_The data_.
(* (Spinless case.) Let $1\le M\le N$ be integers and let $G$ be the $M\times N$ grid graph (the interaction graph of the spinless $M\times N$ Fermi–Hubbard model). Then $d_{\mathrm{swap}}(G)=M-1$, and moreover there exists a swap network for $G$ with swap depth $M-1$ whose number of interaction layers equals the minimum number of interaction layers over all swap networks for $G$. (Spin case.) Let $2\le M\le N$ be integers and let $G'$ be the $2\times M\times N$ grid graph (the interaction graph of the $M\times N$ Fermi–Hubbard model with spin). Then $d_{\mathrm{swap}}(G')=2M-1$, and there exists a swap network for $G'$ with swap depth $2M-1$ and six interaction layers.
   Context: Grid graphs: the $M\times N$ grid graph has vertex set $\{(m,n): 0\le m<M,\ 0\le n<N\}$ with edges joining $(m,n),(m+1,n)$ and $(m,n),(m,n+1)$ whenever both endpoints exist; more generally the $M_1\times\cdots\times M_k$ grid graph is the Cartesian product of paths with $M_1,\ldots,M_k$ vertices (vertices are integer tuples with $0\le x_i<M_i$, adjacent iff they differ by $1$ in exactly one coordinate). Linear-connectivity swap network model: for a graph $G=(V,E)$ with $|V|=n$, qubits occupy positions $0,\ldots,n-1$ on a line; a configuration is a bijection $\pi:V\to\{0,\ldots,n-1\}$; a swap layer is a set of pairwise disjoint pairs of adjacent positions $\{i,i+1\}$, and applying it exchanges the vertices at the two positions of each pair. A swap network for $G$ consists of an initial configuration $\pi_0$ (chosen freely), swap layers $L_1,\ldots,L_d$ producing configurations $\pi_0,\ldots,\pi_d$, and a sequence of interaction layers, each attached to some configuration $\pi_t$ (several may be attached to the same configuration); an interaction layer at $\pi_t$ is a set of pairwise disjoint edges $\{v,w\}\in E$ with $|\pi_t(v)-\pi_t(w)|=1$. Every edge of $G$ must belong to some interaction layer. The swap depth is $d$; the number of interaction layers is the interaction depth. $d_{\mathrm{swap}}(G)$ is the minimum swap depth over all swap networks for $G$. *)

theory Defs
  imports Main
begin

definition grid2_V :: "nat \<Rightarrow> nat \<Rightarrow> (nat \<times> nat) set" where
  "grid2_V M N = {(m, n). m < M \<and> n < N}"

definition grid2_E :: "nat \<Rightarrow> nat \<Rightarrow> (nat \<times> nat) set set" where
  "grid2_E M N =
     {{(m, n), (m + 1, n)} | m n. m + 1 < M \<and> n < N} \<union>
     {{(m, n), (m, n + 1)} | m n. m < M \<and> n + 1 < N}"

definition grid3_V :: "nat \<Rightarrow> nat \<Rightarrow> nat \<Rightarrow> (nat \<times> nat \<times> nat) set" where
  "grid3_V A M N = {(a, m, n). a < A \<and> m < M \<and> n < N}"

definition grid3_E :: "nat \<Rightarrow> nat \<Rightarrow> nat \<Rightarrow> (nat \<times> nat \<times> nat) set set" where
  "grid3_E A M N =
     {{(a, m, n), (a + 1, m, n)} | a m n. a + 1 < A \<and> m < M \<and> n < N} \<union>
     {{(a, m, n), (a, m + 1, n)} | a m n. a < A \<and> m + 1 < M \<and> n < N} \<union>
     {{(a, m, n), (a, m, n + 1)} | a m n. a < A \<and> m < M \<and> n + 1 < N}"

text \<open>A swap layer on n positions is represented by the set of left positions i of
  its pairs {i, i+1}; pairs must be disjoint and inside {0..<n}.\<close>

definition swap_layer :: "nat \<Rightarrow> nat set \<Rightarrow> bool" where
  "swap_layer n L \<longleftrightarrow> (\<forall>i\<in>L. i + 1 < n \<and> i + 1 \<notin> L)"

definition swap_pos :: "nat set \<Rightarrow> nat \<Rightarrow> nat" where
  "swap_pos L p = (if p \<in> L then p + 1 else if 0 < p \<and> p - 1 \<in> L then p - 1 else p)"

definition config :: "('v \<Rightarrow> nat) \<Rightarrow> nat set list \<Rightarrow> nat \<Rightarrow> 'v \<Rightarrow> nat" where
  "config \<pi>0 Ls t = foldl (\<lambda>\<pi> L. swap_pos L \<circ> \<pi>) \<pi>0 (take t Ls)"

definition interaction_layer :: "'v set set \<Rightarrow> ('v \<Rightarrow> nat) \<Rightarrow> 'v set set \<Rightarrow> bool" where
  "interaction_layer E \<pi> I \<longleftrightarrow>
     I \<subseteq> E \<and>
     (\<forall>e\<in>I. \<forall>e'\<in>I. e \<noteq> e' \<longrightarrow> e \<inter> e' = {}) \<and>
     (\<forall>e\<in>I. \<exists>v w. e = {v, w} \<and> (\<pi> v + 1 = \<pi> w \<or> \<pi> w + 1 = \<pi> v))"
(* Let $\Gamma=(V,E)$ be a connected graph of valency at least $3$, $G\leqslant\mathrm{Aut}(\Gamma)$, and assume $\Gamma$ is $(G,2)$-arc-transitive. Let $G^*=\langle G_{\alpha_1},G_{\alpha_2}\rangle$ for some $\{\alpha_1,\alpha_2\}\in E$ and $M=\mathrm{soc}(G^* )$, and assume $G^*$ is a quasiprimitive group of PA type on each of its orbits on $V$, so that $M=T_1\times\cdots\times T_n$ is the unique minimal normal subgroup of $G^*$, with $n\geqslant2$ and the $T_i$ pairwise isomorphic nonabelian simple groups, and for each $\alpha\in V$ there are subgroups $R_i<T_i$ with $M_\alpha\leqslant R_1\times\cdots\times R_n$ such that every projection $\pi_i:M_\alpha\to R_i$ is surjective. Assume $\Gamma$ is $M$-locally primitive. Then every $\pi_i$ is injective; in particular, $M_\alpha\cong R_i$ for all $i$.
   Context: Graphs are finite, simple and undirected; $G_\alpha$ is a vertex stabilizer and $\Gamma(\alpha)$ the neighbourhood of $\alpha$. A $2$-arc is a triple $(\alpha,\beta,\gamma)$ of distinct vertices with $\{\alpha,\beta\},\{\beta,\gamma\}\in E$, and $(G,2)$-arc-transitive means $G$ is transitive on $2$-arcs. A permutation group is quasiprimitive if each minimal normal subgroup is transitive. $\mathrm{soc}(X)$ is the subgroup generated by all minimal normal subgroups of $X$. $\Gamma$ is $M$-locally primitive if $M_\gamma$ acts primitively on $\Gamma(\gamma)$ for every vertex $\gamma$. *)

theory Defs
  imports Main
begin

definition simple_graph :: "'a set \<Rightarrow> ('a \<Rightarrow> 'a \<Rightarrow> bool) \<Rightarrow> bool" where
  "simple_graph V E \<longleftrightarrow> finite V \<and> (\<forall>x y. E x y \<longrightarrow> x \<in> V \<and> y \<in> V)
     \<and> (\<forall>x y. E x y \<longrightarrow> E y x) \<and> (\<forall>x. \<not> E x x)"

definition nbhd :: "('a \<Rightarrow> 'a \<Rightarrow> bool) \<Rightarrow> 'a \<Rightarrow> 'a set" where
  "nbhd E a = {b. E a b}"

definition connected_graph :: "'a set \<Rightarrow> ('a \<Rightarrow> 'a \<Rightarrow> bool) \<Rightarrow> bool" where
  "connected_graph V E \<longleftrightarrow> V \<noteq> {} \<and> (\<forall>x\<in>V. \<forall>y\<in>V. E\<^sup>*\<^sup>* x y)"

definition perm_on :: "'a set \<Rightarrow> ('a \<Rightarrow> 'a) \<Rightarrow> bool" where
  "perm_on V f \<longleftrightarrow> bij_betw f V V \<and> (\<forall>x. x \<notin> V \<longrightarrow> f x = x)"
lemma nn_integral_gaussian_chords_le:
  fixes u w :: "'i \<Rightarrow> real^2"
  assumes I: "finite I" and M: "M > 0" and h: "h \<ge> 0"
    and parseval: "\<And>i z. i \<in> I \<Longrightarrow> (norm z)\<^sup>2 = (u i \<bullet> z)\<^sup>2 + (w i \<bullet> z)\<^sup>2"
    and cover: "F \<subseteq> (\<Union>i\<in>I. chord (u i) (w i) d 0 h)"
  shows "(\<integral>\<^sup>+x\<in>F. ennreal (exp (- (norm x)\<^sup>2 / 2)) \<partial>H1)
           \<le> ennreal (card I * (\<Sum>j<M. h / M * exp (- (d\<^sup>2 + (real j * h / M)\<^sup>2) / 2)))"
proof -
  define C where "C p = chord (u (fst p)) (w (fst p)) d (real (snd p) * h / M) ((real (snd p) + 1) * h / M)" for p
  define t where "t j = h / M * exp (- (d\<^sup>2 + (real j * h / M)\<^sup>2) / 2)" for j :: nat
  have "F \<subseteq> (\<Union>p\<in>I \<times> {..<M}. C p)"
  proof
    fix x assume "x \<in> F"
    then obtain i where i: "i \<in> I" "x \<in> chord (u i) (w i) d 0 h" using cover by blast
    then obtain j where "j < M" "x \<in> C (i, j)"
      using chord_subset_UN_pieces[OF M h, of "u i" "w i" d] by (auto simp: C_def)
    then show "x \<in> (\<Union>p\<in>I \<times> {..<M}. C p)" using i(1) by blast
  qed
  then have "(\<integral>\<^sup>+x\<in>F. ennreal (exp (- (norm x)\<^sup>2 / 2)) \<partial>H1)
               \<le> (\<Sum>p\<in>I \<times> {..<M}. \<integral>\<^sup>+x\<in>C p. ennreal (exp (- (norm x)\<^sup>2 / 2)) \<partial>H1)"
    using I by (intro nn_integral_subset_UN_le) (auto simp: C_def chord_in_sets_H1 measurable_H1_iff)
  also have "\<dots> \<le> (\<Sum>p\<in>I \<times> {..<M}. ennreal (t (snd p)))"
  proof (intro sum_mono)
    fix p assume p: "p \<in> I \<times> {..<M}"
    have "real (snd p) * h / M \<le> (real (snd p) + 1) * h / M"
      using h by (simp add: divide_right_mono mult_right_mono)
    then have "(\<integral>\<^sup>+x\<in>C p. ennreal (exp (- (norm x)\<^sup>2 / 2)) \<partial>H1)
                 \<le> ennreal (((real (snd p) + 1) * h / M - real (snd p) * h / M)
                           * exp (- (d\<^sup>2 + (real (snd p) * h / M)\<^sup>2) / 2))"
      unfolding C_def using p h by (intro nn_integral_gaussian_chord_le parseval) auto
    also have "((real (snd p) + 1) * h / M - real (snd p) * h / M) = h / M"
      by (simp add: diff_divide_distrib[symmetric] algebra_simps)
    finally show "(\<integral>\<^sup>+x\<in>C p. ennreal (exp (- (norm x)\<^sup>2 / 2)) \<partial>H1) \<le> ennreal (t (snd p))"
      by (simp add: t_def)
  qed
  also have "\<dots> = ennreal (\<Sum>p\<in>I \<times> {..<M}. t (snd p))"
    using h by (intro sum_ennreal) (simp add: t_def)
  also have "(\<Sum>p\<in>I \<times> {..<M}. t (snd p)) = card I * (\<Sum>j<M. t j)"
    using sum.cartesian_product[of "\<lambda>i j. t j" "{..<M}" I] by (simp add: split_def)
  finally show ?thesis by (simp add: t_def)
qed
(* Let $\mathcal{N}=\{1,\dots,N\}$ be a finite set of blocks with centers $\bm{r}_n\in\mathbb{R}^3$, $\mathcal{I}=\{1,\dots,I\}$ a finite set of users, $\gamma_{n,n'}=\|\bm{r}_n-\bm{r}_{n'}\|$. Fix a phase shift vector $\bm{c}$, pairwise distinct real numbers $\mu_1,\dots,\mu_N$ (the mean RSS values $\mu_n=\mu_n(\bm{c})$), $\sigma>0$, and for each user $i$ prior probabilities $p_{i,n}>0$ with $\sum_{n}p_{i,n}=1$. Let $\mathbb{P}(s\mid\bm{c},n)=\frac{1}{\sqrt{2\pi\sigma^2}}e^{-(s-\mu_n)^2/(2\sigma^2)}$. For a decision function $\mathcal{L}$ (a map $(i,n',s_i)\mapsto\mathcal{L}(n'\mid\bm{c},s_i,\{p_{i,n}\})\in\{0,1\}$ with $\sum_{n'}\mathcal{L}(n'\mid\bm{c},s_i,\{p_{i,n}\})=1$ for all $i,s_i$) let $$l(\bm{c},\mathcal{L})=\sum_{i\in\mathcal{I}}\sum_{\substack{n,n'\in\mathcal{N}\\ n\neq n'}}p_{i,n}\gamma_{n,n'}\int_{\mathbb{R}}\mathbb{P}(s_i\mid\bm{c},n)\,\mathcal{L}(n'\mid\bm{c},s_i,\{p_{i,n}\})\,ds_i,$$ and let $\mathcal{L}^*$ be a decision function minimizing $l(\bm{c},\cdot)$ (so $l(\bm{c},\mathcal{L}^* )=\inf_{\mathcal{L}}l(\bm{c},\mathcal{L})$). Define $$d_{i,n,n'}=\frac{(\mu_{n'}-\mu_n)^2-2\sigma^2\ln\frac{p_{i,n'}}{p_{i,n}}}{2\sigma|\mu_{n'}-\mu_n|},\qquad l_a(\bm{c})=\sum_{i\in\mathcal{I}}\sum_{\substack{n,n'\in\mathcal{N}\\ n\neq n'}}p_{i,n}\gamma_{n,n'}\,Q(d_{i,n,n'}),$$ where $Q(x)=\frac{1}{\sqrt{2\pi}}\int_x^\infty e^{-t^2/2}dt$ is the Gaussian Q function. Then $l_a(\bm{c})\ge l(\bm{c},\mathcal{L}^* )$.
   Context: This models RSS-based localization: the RSS measured by a user in block $n$ under phase shift vector $\bm{c}$ is Gaussian with mean $\mu_n(\bm{c})$ and variance $\sigma^2$; $p_{i,n}$ is the prior probability that user $i$ is in block $n$; $\gamma_{n,n'}$ is the loss of estimating block $n'$ when the true block is $n$. *)

theory Defs
  imports "HOL-Analysis.Analysis"
begin

definition gauss_pdf :: "real \<Rightarrow> real \<Rightarrow> real \<Rightarrow> real" where
  "gauss_pdf m \<sigma> s = exp (- ((s - m)^2) / (2 * \<sigma>^2)) / sqrt (2 * pi * \<sigma>^2)"

definition Qfun :: "real \<Rightarrow> real" where
  "Qfun x = (1 / sqrt (2 * pi)) * (LBINT t:{x..}. exp (- (t^2) / 2))"

text \<open>Decision functions: L i n' s is the indicator of deciding block n' for user i with RSS s.
  Measurability in s is required so that the integrals in the loss are meaningful.\<close>
definition decision_fun :: "nat set \<Rightarrow> nat set \<Rightarrow> (nat \<Rightarrow> nat \<Rightarrow> real \<Rightarrow> real) \<Rightarrow> bool" where
  "decision_fun Users Blocks L \<longleftrightarrow>
     (\<forall>i\<in>Users. \<forall>n'\<in>Blocks. \<forall>s. L i n' s \<in> {0, 1}) \<and>
     (\<forall>i\<in>Users. \<forall>s. (\<Sum>n'\<in>Blocks. L i n' s) = 1) \<and>
     (\<forall>i\<in>Users. \<forall>n'\<in>Blocks. L i n' \<in> borel_measurable lborel)"

definition loss :: "nat set \<Rightarrow> nat set \<Rightarrow> (nat \<Rightarrow> real^3) \<Rightarrow> (nat \<Rightarrow> real) \<Rightarrow> real
     \<Rightarrow> (nat \<Rightarrow> nat \<Rightarrow> real) \<Rightarrow> (nat \<Rightarrow> nat \<Rightarrow> real \<Rightarrow> real) \<Rightarrow> real" where
  "loss Users Blocks r \<mu> \<sigma> p L =
     (\<Sum>i\<in>Users. \<Sum>(n, n')\<in>{(n, n'). n \<in> Blocks \<and> n' \<in> Blocks \<and> n \<noteq> n'}.
        p i n * dist (r n) (r n') *
        (\<integral>s. gauss_pdf (\<mu> n) \<sigma> s * L i n' s \<partial>lborel))"

definition d_val :: "real \<Rightarrow> (nat \<Rightarrow> real) \<Rightarrow> (nat \<Rightarrow> nat \<Rightarrow> real) \<Rightarrow> nat \<Rightarrow> nat \<Rightarrow> nat \<Rightarrow> real" where
  "d_val \<sigma> \<mu> p i n n' =
     ((\<mu> n' - \<mu> n)^2 - 2 * \<sigma>^2 * ln (p i n' / p i n)) / (2 * \<sigma> * \<bar>\<mu> n' - \<mu> n\<bar>)"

_Your task_.
Search the preceding listing for the word "intro" and pull out every line that holds it.

_Output for this task_.
    using I by (intro nn_integral_subset_UN_le) (auto simp: C_def chord_in_sets_H1 measurable_H1_iff)
  proof (intro sum_mono)
      unfolding C_def using p h by (intro nn_integral_gaussian_chord_le parseval) auto
    using h by (intro sum_ennreal) (simp add: t_def)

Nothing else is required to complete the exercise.